On Forgotten Masters

On Forgotten Masters
June 8, 2020 leonard slatkin

I am old enough to have been in personal contact with so many great composers of their day. Copland, Stravinsky, Harris, and others were part of my childhood musical experience. What happened to the other writers of that time? I would bet that each of you can think of someone who made an impression on you but has been overlooked today.

For this chapter, I consider how we might resurrect the works of these composers and place them back into the repertoire. This is not to be dismissive of the new, but to broaden the spectrum of what is presented to the performers and the audience. We tend to be comfortable with the familiar and even accept more easily the new. But how do we preserve what came before but is little known?

What do you think?

Questions and suggestions (6)

  1. anonymous 4 weeks ago

    Require assistant and associate conductors to research and study these composers and their works as part of their duties with the ultimate purpose of preparing these for a concert, even if it’s a civic/youth ensemble. Longer term, these could be a focus of a season-long series, with the assistant or associate serving as the curator. In an individual concert they could be grouped with known compositions of the same era, or with a similar history (e.g. also commissioned by Koussevitzky or the Louisville Orchestra) or composition teachers (e.g. Boulanger and her pupils), or underlying program (e.g. Mississippi River-themed works) or style (e.g. concertos for orchestra), etc. Honestly, if that’s the only thing they conduct that week, while the MD directs the rest of the program that’s great. It would give them more stage time. And devote a sizable chunk of the pre-concert lecture to this as well. If the composer has a library of chamber works, encourage musicians (or civic/youth ensemble members) to perform those at a pre- or post-concert mixer. This could also be extended to research the works of minority and female composers or American composers as well. Or other new works besides premieres and co-commissions.

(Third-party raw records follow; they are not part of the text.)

lemma pre_jump_state_close_at_jump:
  assumes tj: "(t, j) \<in> E1" and tT: "T0 + \<sigma> \<le> t \<or> T0 = 0" and p: "p \<in> Q" "dist (\<psi>1 (t, j)) p < \<epsilon>w"
    and a2: "t - \<sigma> < a2" "(a2, i) \<in> E2" "(a2, Suc i) \<in> E2"
    and entry: "i = 0 \<Longrightarrow> a2 = 0" "\<And>k. i = Suc k \<Longrightarrow> (a2, k) \<in> E2 \<and> (a2, Suc k) \<in> E2"
  shows "norm (\<psi>1 (t, j) - \<psi>2 (a2, i)) < \<eta>"
proof (cases i)
  case (Suc k)
  then have "\<psi>2 (a2, i) = g (\<psi>2 (a2, k))" "\<psi>2 (a2, k) \<in> D"
    using solution_jump_eq[OF s2] entry(2) by auto
  then show ?thesis using jump_leaves_D solution_jump_eq(1)[OF s2 a2(2,3)] by auto
next
  case 0
  then have "a2 = 0" "t < \<sigma>" using entry(1) a2(1) by auto
  then have "T0 = 0" using tT T0 by linarith
  have "p \<in> Q'" using p(1) Q_sub_Q' by blast
  have "j = 0" "norm (\<psi>1 (0, 0) - \<psi>1 (t, 0)) \<le> lsp"
    using solution_near_Q'_early_flow[OF s1 tj \<open>t < \<sigma>\<close> \<open>p \<in> Q'\<close> p(2)] by auto
  then have "norm (\<psi>1 (t, j) - \<psi>2 (a2, i)) < lsp + \<epsilon>w"
    using init[OF \<open>T0 = 0\<close>] norm_triangle_ineq[of "\<psi>1 (t, 0) - \<psi>1 (0, 0)" "\<psi>1 (0, 0) - \<psi>2 (0, 0)"]
      \<open>a2 = 0\<close> 0 by (simp add: norm_minus_commute)
  then show ?thesis using budget_\<eta> \<epsilon>w_pos by linarith
qed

  2. Ian G. Sadler 3 weeks ago

    A suggestion re: EJ Moeran would be to contact the local Irish Embassy or Consulate to see if they might be interested to collaborate somehow in a promotional way.

  3. Jason lowe 3 weeks ago

    YouTube had to take down a channel that I loved: Unsung Masterworks. There I discovered the unique voice of Arnold Bax, Wilhelm Stenhammar, Nikolai Myaskovskt and others. I wish this channel still existed but I enjoy finding these wonderful unheard, unprogrammed composers as much as I enjoy Sibelius, Nielsen, Vaughan Williams and Holst.

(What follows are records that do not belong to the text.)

lemma log_derivative_decay:
  "\<forall>k\<in>{1,2::nat}. \<forall>x\<in>{3/4..1::real}.
      \<bar>(deriv ^^ k) y1 x\<bar> \<le> 1000 * \<epsilon>^2 * (1 - x^2)^(4 - k)
    \<and> \<bar>(deriv ^^ k) y2 x\<bar> \<le> 1000 * \<epsilon> * (1 - x^2)^(2 - k)
    \<and> \<bar>(deriv ^^ k) y3 x\<bar> \<le> 1000 * \<epsilon> * (1 - x^2)^(2 - k)"
proof (intro ballI)
  fix k :: nat and x :: real assume k: "k \<in> {1,2}" and x: "x \<in> {3/4..1}"
  have r: "0 \<le> 1 - x^2" using x by (simp add: power_le_one)
  have "0 \<le> \<epsilon>^2 * (1 - x^2)^2" "0 \<le> \<epsilon> * (1 - x^2)" using r \<epsilon> by simp_all
  then have "176 * (\<epsilon>^2 * (1 - x^2)^2 * (1 - x^2)) \<le> 1000 * (\<epsilon>^2 * (1 - x^2)^2 * (1 - x^2))"
    "968 * (\<epsilon>^2 * (1 - x^2)^2) \<le> 1000 * (\<epsilon>^2 * (1 - x^2)^2)"
    "8 * (\<epsilon> * (1 - x^2)) \<le> 1000 * (\<epsilon> * (1 - x^2))"
    using r by (simp_all add: mult_right_mono)
  with k show "\<bar>(deriv ^^ k) y1 x\<bar> \<le> 1000 * \<epsilon>^2 * (1 - x^2)^(4 - k)
    \<and> \<bar>(deriv ^^ k) y2 x\<bar> \<le> 1000 * \<epsilon> * (1 - x^2)^(2 - k)
    \<and> \<bar>(deriv ^^ k) y3 x\<bar> \<le> 1000 * \<epsilon> * (1 - x^2)^(2 - k)"
    using deriv_y1_decay[OF x] deriv_y_bounds[OF x] \<epsilon>
    by (auto simp: numeral_2_eq_2 numeral_3_eq_3 power_Suc2 mult.assoc)
qed

end

lemma two_sqrt_6_le_5: "2 * sqrt 6 \<le> (5::real)"
proof -
  have "sqrt 6 \<le> sqrt ((5/2)^2)" by (rule real_sqrt_le_mono) (simp add: power2_eq_square)
  then show ?thesis by simp
qed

  4. Rich Cain 3 weeks ago

    Holst choral works, definitely Bax, and may I suggest Deems Taylor.

  5. John R. Hunt Jr. 3 weeks ago

    This is a real toss up between two composers…Igor Stravinsky is not played enough – the Kyrie from his Mass is outstanding – and Charles Ives is overlooked too much. Anyone who wants to hear the sweetest Christmas carol would do well to listen to Ives’s “A Christmas Carol.”

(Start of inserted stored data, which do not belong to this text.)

theory Submission
  imports Defs
begin

text \<open>
  Extend the coboundary to all finite vertex sets by
  \<open>\<delta> g S = (\<Sum>v\<in>S. (-1)^#{u\<in>S. u < v} g (S - {v}))\<close>. Then \<open>\<delta> \<delta> = 0\<close>, and since every
  face of a shell is a simplex, \<open>\<delta> f\<close> vanishes on every shell when \<open>f\<close> is a coboundary.
  Let \<open>\<psi>\<close> take the value \<open>r \<noteq> 0\<close> on \<open>C\<close> and \<open>0\<close> elsewhere, and let \<open>\<phi>\<close> be \<open>\<delta> \<psi>\<close>
  restricted to the \<open>j\<close>-simplices inside \<open>K\<close>. On a \<open>(j+1)\<close>-simplex inside \<open>K\<close>,
  \<open>\<delta> \<phi> = \<delta> \<delta> \<psi> = 0\<close>; a \<open>(j+1)\<close>-simplex with a face in the support of \<open>\<phi>\<close> contains
  some \<open>C \<union> {x}\<close> with \<open>x \<in> K - C\<close> and hence lies in \<open>K\<close>. So \<open>\<phi>\<close> is a cocycle. But
  of the faces of the shell \<open>C \<union> {w, a}\<close> only \<open>C \<union> {w}\<close> lies in \<open>K\<close>, so
  \<open>\<delta> \<phi> (C \<union> {w, a}) = \<plusminus>r \<noteq> 0\<close>. For \<open>k = j\<close> the isolated simplex is \<open>K = C \<union> {w}\<close>,
  and isolation is exactly the condition on \<open>C \<union> {w}\<close> used above.
\<close>

definition alt_sign :: "nat \<Rightarrow> 'r::ab_group_add \<Rightarrow> 'r" where
  "alt_sign l x = (if even l then x else - x)"

definition rank_in :: "nat set \<Rightarrow> nat \<Rightarrow> nat" where
  "rank_in S v = card {u \<in> S. u < v}"

definition delta :: "(nat set \<Rightarrow> 'r::ab_group_add) \<Rightarrow> nat set \<Rightarrow> 'r" where
  "delta g S = (\<Sum>v\<in>S. alt_sign (rank_in S v) (g (S - {v})))"

lemma alt_sign_sum: "alt_sign l (sum f A) = (\<Sum>a\<in>A. alt_sign l (f a))"
  by (simp add: alt_sign_def sum_negf)

lemma alt_sign_alt_sign: "alt_sign l (alt_sign m x) = alt_sign (l + m) x"
  by (simp add: alt_sign_def)

lemma alt_sign_Suc: "alt_sign (Suc l) x = - alt_sign l x"
  by (simp add: alt_sign_def)

lemma alt_sign_0 [simp]: "alt_sign l 0 = 0"
  by (simp add: alt_sign_def)

lemma alt_sign_eq_0_iff [simp]: "alt_sign l x = 0 \<longleftrightarrow> x = 0"
  by (simp add: alt_sign_def)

  6. Gerard Bauer 3 weeks ago

    As a long time collector of recorded music in almost every format imaginable, I have come across many worthwhile musical works by little known composers, as well as little known works by well known composers. (Could this be another chapter?) I’ll limit myself in this forum to three composers whose works I’d love to hear in live performance. I discovered all three in the 1970’s via LP recordings on loan from the Chicago Public Library. Despite the fragility of vinyl, the recordings of these composers were often in good shape, probably because of the relative obscurity of the composers. All three composers have unique and almost instantly identifiable sound worlds.
    1. Andrzej Panufnik. I first came to know this late 20th century composer via pioneering recordings on the Unicorn label. I am particularly fond of a couple of his early symphonies: Sinfonia Sacra and Sinfonia Rustica.
    2. Arnold Bax. Although I have very little formal music education, I think it’s Bax’s harmonic language that makes his music unique. Some of his work is overlong and blowsy, but there are treasures as well: Symphonies Nos. 1 & 6, as well as some of the tone poems such as Tintagel, The Tale the Pine Trees Knew, November Woods, and the Garden of Fand.
    3. Allan Pettersson. A 20th Century Swedish composer with an incredibly difficult life, who’s personal suffering is embedded in much of his work. His music can be grim, which makes it difficult to program in concert, but there are also moments of calm, relief and, finally, redemption. I have always particularly loved his Symphony No. 7, which I first heard in a recording by Antal Dorati conducting the Stockholm Philharmonic.